Years ago, I met a young man at the behest of a mutual friend. He had written a story they both thought was good enough to submit for a competition. I was to look it over, you know, give some pointers.
From the start, sloppy errors that MS Word could have fixed littered his story. I read every line of the first six pages, displeasure turning the corners of my mouth down. In my review, I mentioned that he had a strong story to tell, but I couldn’t see the forest for the trees.
He responded with accusations that stung, as if my review had attacked his person, not his work.
I should have sensed his vulnerability in the conversation we had at our first and only meeting, underneath the Chicago Bulls baseball cap he wore and his bravado words. When he placed the manuscript in my hands, I should have seen his heart.
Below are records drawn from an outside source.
text \<open>
  Fix the side information z^n. Two source sequences sharing a codeword
  are non-adjacent in every graph G_{z_t}: by the pairwise condition both are
  plausible together with a common y^n, and adjacency at t would force the
  decoder to output two different values of f. Hence the set W_t of t-th letters
  of the sequences sharing the codeword of X^n is an independent set containing
  X_t, which makes X_t -> W_t an admissible channel, and
  sum_t I(X_t; W_t) <= H(codeword) <= expected length by Gibbs' and Kraft's
  inequalities. Averaging over z^n bounds every rate from below by
  sum_z P(z) H_kappa(G_z).

  Choose nearly optimal channels Q_z and draw about 2^(n(h+delta))
  codewords, each a sequence of independent sets, from their output laws, where
  h = E[-log a_{g(Y)}(X)] and a_z(x) is the probability that the output of Q_z
  contains x; by Gibbs' inequality h <= sum_z P(z) I(X; W | z). A typical
  sequence is covered by a single codeword with probability at least
  2^(-n(h+delta)), so some codebook covers all of them. Typical sequences are
  sent as the index of a covering codeword, which the decoder can resolve
  because all its sets are independent, atypical ones verbatim; Chebyshev's
  inequality makes the latter negligible.
\<close>

section \<open>Sums over sequences and information inequalities\<close>

lemma finite_lists_length_UNIV: "finite {xs :: 'a::finite list. length xs = n}"
  using finite_lists_length_eq[of "UNIV :: 'a set" n] by simp

lemma sum_prod_nth_lists:
  fixes F :: "nat \<Rightarrow> 'a \<Rightarrow> 'b::comm_semiring_1"
  assumes "finite A"
  shows "(\<Sum>xs\<in>{xs. set xs \<subseteq> A \<and> length xs = n}. \<Prod>t<n. F t (xs!t)) = (\<Prod>t<n. \<Sum>x\<in>A. F t x)"
proof (induction n arbitrary: F)
  case 0
  have "{xs. set xs \<subseteq> A \<and> length xs = 0} = {[]}" by auto
  then show ?case by simp
next
  case (Suc n)
  let ?L = "\<lambda>n. {xs. set xs \<subseteq> A \<and> length xs = n}"
  have cons_image: "?L (Suc n) = (\<lambda>(x, xs). x # xs) ` (A \<times> ?L n)"
    by (auto simp: length_Suc_conv image_iff)
  have inj: "inj_on (\<lambda>(x, xs). x # xs) (A \<times> ?L n)"
    by (auto simp: inj_on_def)
  have "(\<Sum>xs\<in>?L (Suc n). \<Prod>t<Suc n. F t (xs!t))
      = (\<Sum>(x, xs)\<in>A \<times> ?L n. \<Prod>t<Suc n. F t ((x # xs)!t))"
    unfolding cons_image by (subst sum.reindex[OF inj]) (simp add: case_prod_unfold)
  also have "\<dots> = (\<Sum>x\<in>A. \<Sum>xs\<in>?L n. F 0 x * (\<Prod>t<n. F (Suc t) (xs!t)))"
    unfolding prod.lessThan_Suc_shift by (simp add: sum.cartesian_product[symmetric])
  also have "\<dots> = (\<Sum>x\<in>A. F 0 x * (\<Prod>t<n. \<Sum>x\<in>A. F (Suc t) x))"
    using Suc.IH[of "\<lambda>t. F (Suc t)"] by (simp add: sum_distrib_left[symmetric])
  also have "\<dots> = (\<Prod>t<Suc n. \<Sum>x\<in>A. F t x)"
    unfolding prod.lessThan_Suc_shift by (simp add: sum_distrib_right)
  finally show ?case .
qed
I should not have dismissed the way his hand shook so that a few sheets went sailing in the wind, as superstition.
He was not unlike the men in my life; men, who like a 5,000-piece puzzle, take weeks to unravel. Men with broad shoulders that absorb the weight of my fears and the problems of our world, and yet . . .
Anyway, if he wanted validation as a writer, why did he say, “Be brutal in your feedback, I want to get better.” His girlfriend was supposed to hold his hand and whatever else needed holding not me!
Nevertheless, the need to prove my niceness to a stranger ate my sleep. I replied and gave him concrete examples of what he could have written better, including how and why. Although he baited me to read the entire manuscript, saying that, the errors were only in the pages I had read, I declined for I was not that hungry.
That experience cost me a friend and a potential one. Seldom have I received a request for feedback that was not encroached upon by the need for affirmation. I hear it often in the defence people give in response to feedback.
Wise men pause when a woman asks, “How do I look?” Bombarded by images of beauty in the media that thrive on the insecurity that the media put there in the first place, she is asking for validation, not the whole truth. Happy is the man who gives it. Even my son knows that his answer to this question can mean the difference between his favourite take-out pizza and frozen pizza popped in the oven.
I used to dream of meeting someone special who anticipated my needs so I would not need to be weak and speak them. I now know people do not spend all day gazing at crystal balls to decipher what you need. Growth means that I untangle my web of feelings and answer these questions honestly.
Timi what do you need?
Who can give it to you?
Where is it safe to get it from?
Last week, I had a shitty day and if I am honest, I had set myself up to fail. I went to the one with whom I feel safe and recounted the day. Then I said, “Just for tonight, tell me I’m beautiful, tell me I’m smart. In the morning, you can tell me I’m full of crap.”
I am further along on my journey than when I began.